Severino one-upped — guess it should be one-downed — Lynn by giving up solo shots to Robert and Moncada in the third. This time Lynn waited an inning before giving back the runs, on a Willi Calhoun dinger in the fourth. But then he trumped Severino by giving up a run in the fifth.

That was it for the starters, with Lynn needing 98 pitches to get through five, giving up eight hits, three walks and five earned runs in the process. Of the 98, only nine were swinging strikes.

That made for a battle of bullpens, and Yankee Michael King screwed that up royally. Two of his first three pitches were grooved to Luis and Eloy, one good for a double, the next for a 416-footer.

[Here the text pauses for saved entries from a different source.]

(* Let $G$ be a finite group, let $\pi$ be a set of primes and let $q\in\pi$. Let $\mathcal{S}_{q'}(G_\pi)$ denote the union of all conjugacy classes $g^G$ with $g$ a $\pi$-element of $G$ such that $|g^G|$ is not divisible by $q$. Then $|\mathbf{Z}(G)|_q$ divides $|\mathcal{S}_{q'}(G_\pi)|_q$. Moreover, if $|\mathbf{Z}(G)|_q=|\mathcal{S}_{q'}(G_\pi)|_q$, then $\mathbf{Z}(Q)\le \mathbf{Z}(G)$, where $Q$ is a Sylow $q$-subgroup of $G$.
   Context: A $\pi$-element is an element whose order is divisible only by primes in $\pi$. For a positive integer $n$ and prime $q$, $n_q$ denotes the largest power of $q$ dividing $n$. $|g^G|=|G:C_G(g)|$ is the size of the conjugacy class of $g$; $\mathbf{Z}(\cdot)$ denotes the centre. *)

theory Defs
  imports "HOL-Algebra.Algebra" "HOL-Computational_Algebra.Primes"
begin

definition ppart :: "nat \<Rightarrow> nat \<Rightarrow> nat" where
  "ppart q n = q ^ multiplicity q n"

definition pi_element :: "('a, 'b) monoid_scheme \<Rightarrow> nat set \<Rightarrow> 'a \<Rightarrow> bool" where
  "pi_element G \<pi> g \<longleftrightarrow> g \<in> carrier G \<and>
     (\<forall>p. Factorial_Ring.prime p \<and> p dvd group.ord G g \<longrightarrow> p \<in> \<pi>)"

definition conj_class :: "('a, 'b) monoid_scheme \<Rightarrow> 'a \<Rightarrow> 'a set" where
  "conj_class G g = {x \<otimes>\<^bsub>G\<^esub> g \<otimes>\<^bsub>G\<^esub> inv\<^bsub>G\<^esub> x | x. x \<in> carrier G}"

definition centre :: "('a, 'b) monoid_scheme \<Rightarrow> 'a set" where
  "centre G = {z \<in> carrier G. \<forall>x \<in> carrier G. z \<otimes>\<^bsub>G\<^esub> x = x \<otimes>\<^bsub>G\<^esub> z}"

definition S_qprime :: "('a, 'b) monoid_scheme \<Rightarrow> nat set \<Rightarrow> nat \<Rightarrow> 'a set" where
  "S_qprime G \<pi> q = (\<Union>g \<in> {g. pi_element G \<pi> g \<and> \<not> q dvd card (conj_class G g)}. conj_class G g)"

definition sylow_subgroup :: "('a, 'b) monoid_scheme \<Rightarrow> nat \<Rightarrow> 'a set \<Rightarrow> bool" where
  "sylow_subgroup G q Q \<longleftrightarrow> subgroup Q G \<and> card Q = ppart q (order G)"

end

theory Submission
  imports Defs
begin

text \<open>
  Let \<open>S = S\<^sub>q\<^sub>'(G\<^sub>\<pi>)\<close>, let \<open>P\<close> be the Sylow \<open>q\<close>-subgroup of \<open>Z(G)\<close> and \<open>Q\<close> a Sylow
  \<open>q\<close>-subgroup of \<open>G\<close>. Multiplying by a central \<open>q\<close>-element preserves being a \<open>\<pi>\<close>-element
  and the class size, so \<open>P\<close> acts on \<open>S\<close> by left multiplication, freely; hence \<open>|P|\<close> divides \<open>|S|\<close>.

  For the second part let \<open>Q\<close> act by conjugation on the \<open>P\<close>-cosets contained in \<open>S\<close>. A central
  \<open>q\<close>-element \<open>p \<noteq> 1\<close> never maps a \<open>q'\<close>-class into itself (the stabiliser of the class in \<open>P\<close>
  would have order dividing the class size), so a coset \<open>Pg\<close> is \<open>Q\<close>-fixed only if \<open>Q\<close>
  centralises \<open>g\<close>. Counting orbits gives \<open>|S| \<equiv> |S \<inter> C\<^sub>G(Q)| (mod q|P|)\<close>. Now \<open>Z(Q)\<close> acts
  by left multiplication on \<open>S \<inter> C\<^sub>G(Q)\<close>, so \<open>|Z(Q)|\<close> divides \<open>|S \<inter> C\<^sub>G(Q)|\<close>. Since \<open>P \<le> Z(Q)\<close>,
  if \<open>Z(Q)\<close> is not contained in \<open>Z(G)\<close> then \<open>q|P|\<close> divides \<open>|Z(Q)|\<close> and hence \<open>|S|\<close>, so that
  \<open>|Z(G)|\<^sub>q < |S|\<^sub>q\<close>.
\<close>

lemma ppart_dvd: "ppart q n dvd n"
  unfolding ppart_def by (rule multiplicity_dvd)

lemma ppart_dvd_ppart:
  fixes q :: nat
  assumes "Factorial_Ring.prime q" "n \<noteq> 0" "ppart q m dvd n"
  shows "ppart q m dvd ppart q n"
  using assms unfolding ppart_def
  by (intro le_imp_power_dvd multiplicity_geI) (auto simp: not_prime_unit)

lemma not_prime_mult_ppart_dvd:
  fixes q :: nat
  assumes "Factorial_Ring.prime q" "n \<noteq> 0"
  shows "\<not> q * ppart q n dvd n"
  unfolding ppart_def using assms
  by (metis Suc_n_not_le_n multiplicity_geI not_prime_unit power_Suc)

section \<open>Actions of \<open>q\<close>-groups\<close>

lemma group_action_restrict:
  fixes R (structure)
  assumes R: "group R"
    and closed: "\<And>x e. x \<in> carrier R \<Longrightarrow> e \<in> E \<Longrightarrow> f x e \<in> E"
    and one: "\<And>e. e \<in> E \<Longrightarrow> f \<one> e = e"
    and mult: "\<And>x y e. x \<in> carrier R \<Longrightarrow> y \<in> carrier R \<Longrightarrow> e \<in> E \<Longrightarrow> f (x \<otimes> y) e = f x (f y e)"
  shows "group_action R E (\<lambda>x. restrict (f x) E)"
proof -
  interpret R: group R by (rule R)
  have bij: "restrict (f x) E \<in> Bij E" if x: "x \<in> carrier R" for x
  proof -
    have "bij_betw (f x) E E"
      by (rule bij_betw_byWitness[where f' = "f (inv x)"])
        (use closed one mult[of "inv x" x] mult[of x "inv x"] x in auto)
    then show ?thesis unfolding Bij_def using bij_betw_cong[of E "restrict (f x) E" "f x" E] by simp
  qed
  have "(\<lambda>x. restrict (f x) E) \<in> hom R (BijGroup E)"
  proof (rule homI)
    fix x y assume x: "x \<in> carrier R" and y: "y \<in> carrier R"
    have "restrict (f (x \<otimes> y)) E = compose E (restrict (f x) E) (restrict (f y) E)"
      unfolding compose_def using mult[OF x y] closed[OF y] by auto
    then show "restrict (f (x \<otimes> y)) E = restrict (f x) E \<otimes>\<^bsub>BijGroup E\<^esub> restrict (f y) E"
      using bij x y by (simp add: BijGroup_def)
  qed (use bij in \<open>simp add: BijGroup_def\<close>)
  then show ?thesis
    unfolding group_action_def group_hom_def group_hom_axioms_def using R group_BijGroup by blast
qed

That put the Sox up 6-5 in the seventh, after which no one got on base for either team until Kendall Graveman came in in the bottom of the ninth. Graveman walked pinch-hitter Josh Donaldson, who was pinch-run for. That triggered a Yankees hit-and-run, which Romy González kicked around for a while, leading to all hands safe. It was called a hit by a very friendly official scorer.

With no outs, two on and the game on the line, with the 2- and 3-spots in the order coming up, the Yankees got a chance to really miss Aaron Judge. First, Gleyber Torres feebly popped up foul. Then Anthony Rizzo, who’s supposed to be good, got a 2-0 count and did what almost all major league batters inexplicably do, even though it almost never works — he assumed fastball was coming and swung hard over a changup and into an easy double play.

Game over. Five straight wins for the Sox, including two against a non-AAAL Central team, heading into a nightcap against an emergency fill-in starter brought up from the minors. Chicago’s record is now 28-35, which ain’t much, but leaves them just three games out in a division with every team worse than .500.